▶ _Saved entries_
definition adag :: "fvec \<Rightarrow> fvec" where
  "adag \<psi> n = (case n of 0 \<Rightarrow> 0 | Suc m \<Rightarrow> complex_of_real (sqrt (real (Suc m))) * \<psi> m)"

definition op_exp :: "(fvec \<Rightarrow> fvec) \<Rightarrow> fvec \<Rightarrow> fvec" where
  "op_exp X \<psi> = (\<lambda>n. \<Sum>m. (X ^^ m) \<psi> n / of_nat (fact m))"

definition displ_gen :: "complex \<Rightarrow> fvec \<Rightarrow> fvec" where
  "displ_gen b \<psi> = (\<lambda>n. b * adag \<psi> n - cnj b * ann \<psi> n)"

definition displ :: "complex \<Rightarrow> fvec \<Rightarrow> fvec" where
  "displ b = op_exp (displ_gen b)"

definition displ_adj :: "complex \<Rightarrow> fvec \<Rightarrow> fvec" where
  "displ_adj b = op_exp (\<lambda>\<psi> n. - displ_gen b \<psi> n)"

definition coh :: "complex \<Rightarrow> fvec" where
  "coh \<alpha> n = complex_of_real (exp (- ((cmod \<alpha>)^2) / 2)) * \<alpha> ^ n
              / complex_of_real (sqrt (fact n))"

text \<open>Squeeze operator S(z) = exp(1/2 (conj z a^2 - z a^dag^2)), z = r e^{i theta}, given in its
  standard normal-ordered (disentangled) form
  S(z) = exp(-1/2 e^{i theta} tanh r a^dag^2) (cosh r)^{-(a^dag a + 1/2)} exp(1/2 e^{-i theta} tanh r a^2).\<close>

definition squeeze :: "complex \<Rightarrow> fvec \<Rightarrow> fvec" where
  "squeeze z \<psi> =
     (let r = cmod z;
          t = (if z = 0 then 0 else (z / complex_of_real r) * complex_of_real (tanh r));
          right = op_exp (\<lambda>\<phi> n. (cnj t / 2) * ann (ann \<phi>) n) \<psi>;
          mid = (\<lambda>n. complex_of_real ((cosh r) powr (- (real n + 1/2))) * right n)
      in op_exp (\<lambda>\<phi> n. - (t / 2) * adag (adag \<phi>) n) mid)"

definition coherent_rank_le :: "nat \<Rightarrow> fvec \<Rightarrow> bool" where
  "coherent_rank_le k \<psi> \<longleftrightarrow>
     (\<exists>c \<alpha> :: nat \<Rightarrow> complex. \<psi> = (\<lambda>n. \<Sum>i<k. c i * coh (\<alpha> i) n))"

definition approx_coherent_rank_le :: "nat \<Rightarrow> fvec \<Rightarrow> bool" where
  "approx_coherent_rank_le m \<psi> \<longleftrightarrow>
     (\<forall>\<delta>>0. \<exists>\<phi>. coherent_rank_le m \<phi> \<and> sq_norm_f \<phi> = 1 \<and>
                   (cmod (inner_f \<psi> \<phi>))^2 > 1 - \<delta>)"

definition normalize_f :: "fvec \<Rightarrow> fvec" where
  "normalize_f v = (\<lambda>n. v n / complex_of_real (sqrt (sq_norm_f v)))"

definition dad :: "complex \<Rightarrow> fvec \<Rightarrow> fvec" where
  "dad b v = displ b (adag (displ_adj b v))"

end

theory Submission
  imports Defs "HOL-Complex_Analysis.Complex_Analysis" "HOL-Computational_Algebra.Polynomial_FPS"
begin

(* In the Bargmann representation the Fock vector with coefficients sqrt(n!) f_n is the power
   series f: a^dag is multiplication by X, a is d/dX and the coherent state |beta> is a multiple
   of e^{beta X}. A state of coherent rank k is thus a combination S of k exponentials, and
   D(b) a^dag D(b)^dag acts on polynomials times exponentials as multiplication by X - conj b,
   so the state in question is Q S with Q a polynomial of degree r. Replacing each X^m in Q by
   ((e^{eX} - 1)/e)^m, a combination of the exponentials e^{jeX} with j <= r, turns Q S into a
   combination of k (r + 1) exponentials. Coefficient bounds of exponential type show that these
   converge to Q S in the Fock norm as e -> 0, and norm convergence forces the overlaps of the
   normalised states to tend to 1. The squeezed state enters only through this decomposition and
   through its nonzero vacuum coefficient, which makes Q S nonzero. *)

unbundle no vec_syntax

section \<open>The operator c1 X + c2 d/dX on power series and its exponential\<close>

definition fps_xd :: "complex \<Rightarrow> complex \<Rightarrow> complex fps \<Rightarrow> complex fps" where
  "fps_xd c1 c2 g = fps_const c1 * fps_X * g + fps_const c2 * fps_deriv g"

lemma fps_xd_nth:
  "fps_xd c1 c2 g $ n = c1 * (if n = 0 then 0 else g $ (n - 1)) + c2 * (of_nat (n + 1) * g $ (n + 1))"
  unfolding fps_xd_def by (simp add: mult.assoc)

lemma fps_xd_add: "fps_xd c1 c2 (f + g) = fps_xd c1 c2 f + fps_xd c1 c2 g"
  unfolding fps_xd_def by (simp add: algebra_simps)

lemma fps_xd_const_mult: "fps_xd c1 c2 (fps_const a * f) = fps_const a * fps_xd c1 c2 f"
  unfolding fps_xd_def by (simp add: algebra_simps)

lemma fps_xd_X_mult: "fps_xd c1 c2 (fps_X * f) = fps_X * fps_xd c1 c2 f + fps_const c2 * f"
  unfolding fps_xd_def by (simp add: algebra_simps)

lemma funpow_fps_xd_add: "(fps_xd c1 c2 ^^ m) (f + g) = (fps_xd c1 c2 ^^ m) f + (fps_xd c1 c2 ^^ m) g"
  by (induction m) (simp_all add: fps_xd_add)

lemma funpow_fps_xd_const_mult:
  "(fps_xd c1 c2 ^^ m) (fps_const a * f) = fps_const a * (fps_xd c1 c2 ^^ m) f"
  by (induction m) (simp_all add: fps_xd_const_mult)

lemma funpow_fps_xd_zero: "(fps_xd c1 c2 ^^ m) 0 = 0"
  using funpow_fps_xd_const_mult[where a = 0 and f = 0] by simp

text \<open>The commutator [c1 X + c2 d/dX, X] = c2, iterated.\<close>

lemma funpow_fps_xd_X_mult:
  "(fps_xd c1 c2 ^^ m) (fps_X * f)
     = fps_X * (fps_xd c1 c2 ^^ m) f + fps_const (of_nat m * c2) * (fps_xd c1 c2 ^^ (m - 1)) f"
proof (induction m)
  case (Suc m)
  have "(fps_xd c1 c2 ^^ Suc m) (fps_X * f)
      = fps_X * (fps_xd c1 c2 ^^ Suc m) f + fps_const c2 * (fps_xd c1 c2 ^^ m) f
        + fps_const (of_nat m * c2) * fps_xd c1 c2 ((fps_xd c1 c2 ^^ (m - 1)) f)"
    by (simp add: Suc fps_xd_add fps_xd_const_mult fps_xd_X_mult)
  also have "fps_const (of_nat m * c2) * fps_xd c1 c2 ((fps_xd c1 c2 ^^ (m - 1)) f)
      = fps_const (of_nat m * c2) * (fps_xd c1 c2 ^^ m) f"
    by (cases m) simp_all
  finally show ?case
    by (simp add: algebra_simps flip: fps_const_add)
qed simp

definition xd_exp_summable :: "complex \<Rightarrow> complex \<Rightarrow> complex fps \<Rightarrow> bool" where
  "xd_exp_summable c1 c2 g \<longleftrightarrow> (\<forall>n. summable (\<lambda>m. (fps_xd c1 c2 ^^ m) g $ n / fact m))"

definition xd_exp :: "complex \<Rightarrow> complex \<Rightarrow> complex fps \<Rightarrow> complex fps" where
  "xd_exp c1 c2 g = Abs_fps (\<lambda>n. \<Sum>m. (fps_xd c1 c2 ^^ m) g $ n / fact m)"

lemma xd_exp_nth: "xd_exp c1 c2 g $ n = (\<Sum>m. (fps_xd c1 c2 ^^ m) g $ n / fact m)"
  unfolding xd_exp_def by simp

lemma has_field_derivative_funpow_fps_xd:
  assumes "\<And>s n. ((\<lambda>s. g s $ n) has_field_derivative g' s $ n) (at s)"
  shows "((\<lambda>s. (fps_xd c1 c2 ^^ m) (g s) $ n) has_field_derivative (fps_xd c1 c2 ^^ m) (g' s) $ n) (at s)"
  using assms
proof (induction m arbitrary: g g' n s)
  case (Suc m)
  have "((\<lambda>s. fps_xd c1 c2 (g s) $ n) has_field_derivative fps_xd c1 c2 (g' s) $ n) (at s)" for s n
    unfolding fps_xd_nth using Suc.prems by (auto intro!: derivative_eq_intros)
  then show ?case
    unfolding funpow_Suc_right comp_def by (rule Suc.IH)
qed simp

text \<open>The flow e^{sL} applied to e^{\<beta> X}; its Taylor expansion at s = 0 computes e^L e^{\<beta> X}.\<close>

definition xd_flow :: "complex \<Rightarrow> complex \<Rightarrow> complex \<Rightarrow> complex \<Rightarrow> complex fps" where
  "xd_flow c1 c2 \<beta> s = fps_const (exp (s\<^sup>2 * c1 * c2 / 2 + s * \<beta> * c2)) * fps_exp (\<beta> + s * c1)"

lemma xd_flow_nth:
  "xd_flow c1 c2 \<beta> s $ n = exp (s\<^sup>2 * c1 * c2 / 2 + s * \<beta> * c2) * ((\<beta> + s * c1) ^ n / fact n)"
  unfolding xd_flow_def by simp

lemma has_field_derivative_xd_flow:
  "((\<lambda>s. xd_flow c1 c2 \<beta> s $ n) has_field_derivative fps_xd c1 c2 (xd_flow c1 c2 \<beta> s) $ n) (at s)"
proof -
  define E where "E = exp (s\<^sup>2 * c1 * c2 / 2 + s * \<beta> * c2)"
  define x where "x = \<beta> + s * c1"
  have "((\<lambda>s. xd_flow c1 c2 \<beta> s $ n) has_field_derivative
      E * (c2 * x) * (x ^ n / fact n) + E * (of_nat n * x ^ (n - 1) * c1 / fact n)) (at s)"
    unfolding xd_flow_nth E_def x_def
    by (auto intro!: derivative_eq_intros simp: field_simps power2_eq_square)
  also have "E * (c2 * x) * (x ^ n / fact n) + E * (of_nat n * x ^ (n - 1) * c1 / fact n)
      = fps_xd c1 c2 (xd_flow c1 c2 \<beta> s) $ n"
  proof (cases n)
    case (Suc k)
    have "(fact (Suc (Suc k)) :: complex) = of_nat (Suc (Suc k)) * fact (Suc k)"
      by (simp only: fact_Suc of_nat_mult)
    moreover have "(fact (Suc k) :: complex) = of_nat (Suc k) * fact k"
      by (simp only: fact_Suc of_nat_mult)
    ultimately show ?thesis
      unfolding fps_xd_nth xd_flow_nth E_def[symmetric] x_def[symmetric] Suc
      by (simp add: field_simps del: fact_Suc of_nat_Suc)
  qed (simp add: fps_xd_nth xd_flow_nth E_def x_def field_simps)
  finally show ?thesis .
qed

lemma higher_deriv_xd_flow:
  "(deriv ^^ m) (\<lambda>s. xd_flow c1 c2 \<beta> s $ n) = (\<lambda>s. (fps_xd c1 c2 ^^ m) (xd_flow c1 c2 \<beta> s) $ n)"
proof (induction m arbitrary: n)
  case (Suc m)
  have "(deriv ^^ Suc m) (\<lambda>s. xd_flow c1 c2 \<beta> s $ n)
      = deriv (\<lambda>s. (fps_xd c1 c2 ^^ m) (xd_flow c1 c2 \<beta> s) $ n)"
    by (simp add: Suc)
  also have "\<dots> = (\<lambda>s. (fps_xd c1 c2 ^^ m) (fps_xd c1 c2 (xd_flow c1 c2 \<beta> s)) $ n)"
    by (intro ext DERIV_imp_deriv has_field_derivative_funpow_fps_xd has_field_derivative_xd_flow)
  finally show ?case by (simp add: funpow_Suc_right del: funpow.simps)
qed simp

lemma xd_exp_series_fps_exp:
  "(\<lambda>m. (fps_xd c1 c2 ^^ m) (fps_exp \<beta>) $ n / fact m) sums (xd_flow c1 c2 \<beta> 1 $ n)"
proof -
  have "(\<lambda>s. xd_flow c1 c2 \<beta> s $ n) holomorphic_on ball 0 2"
    unfolding xd_flow_nth by (intro holomorphic_intros) auto
  then have "(\<lambda>m. (deriv ^^ m) (\<lambda>s. xd_flow c1 c2 \<beta> s $ n) 0 / fact m * (1 - 0) ^ m)
      sums (xd_flow c1 c2 \<beta> 1 $ n)"
    by (rule holomorphic_power_series) simp
  moreover have "xd_flow c1 c2 \<beta> 0 = fps_exp \<beta>"
    unfolding xd_flow_def by simp
  ultimately show ?thesis by (simp add: higher_deriv_xd_flow)
qed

▶ _What you are asked to do_
Search the records above for "theta". Copy each line where it is found.

▶ _Written solution_
text \<open>Squeeze operator S(z) = exp(1/2 (conj z a^2 - z a^dag^2)), z = r e^{i theta}, given in its
  S(z) = exp(-1/2 e^{i theta} tanh r a^dag^2) (cosh r)^{-(a^dag a + 1/2)} exp(1/2 e^{-i theta} tanh r a^2).\<close>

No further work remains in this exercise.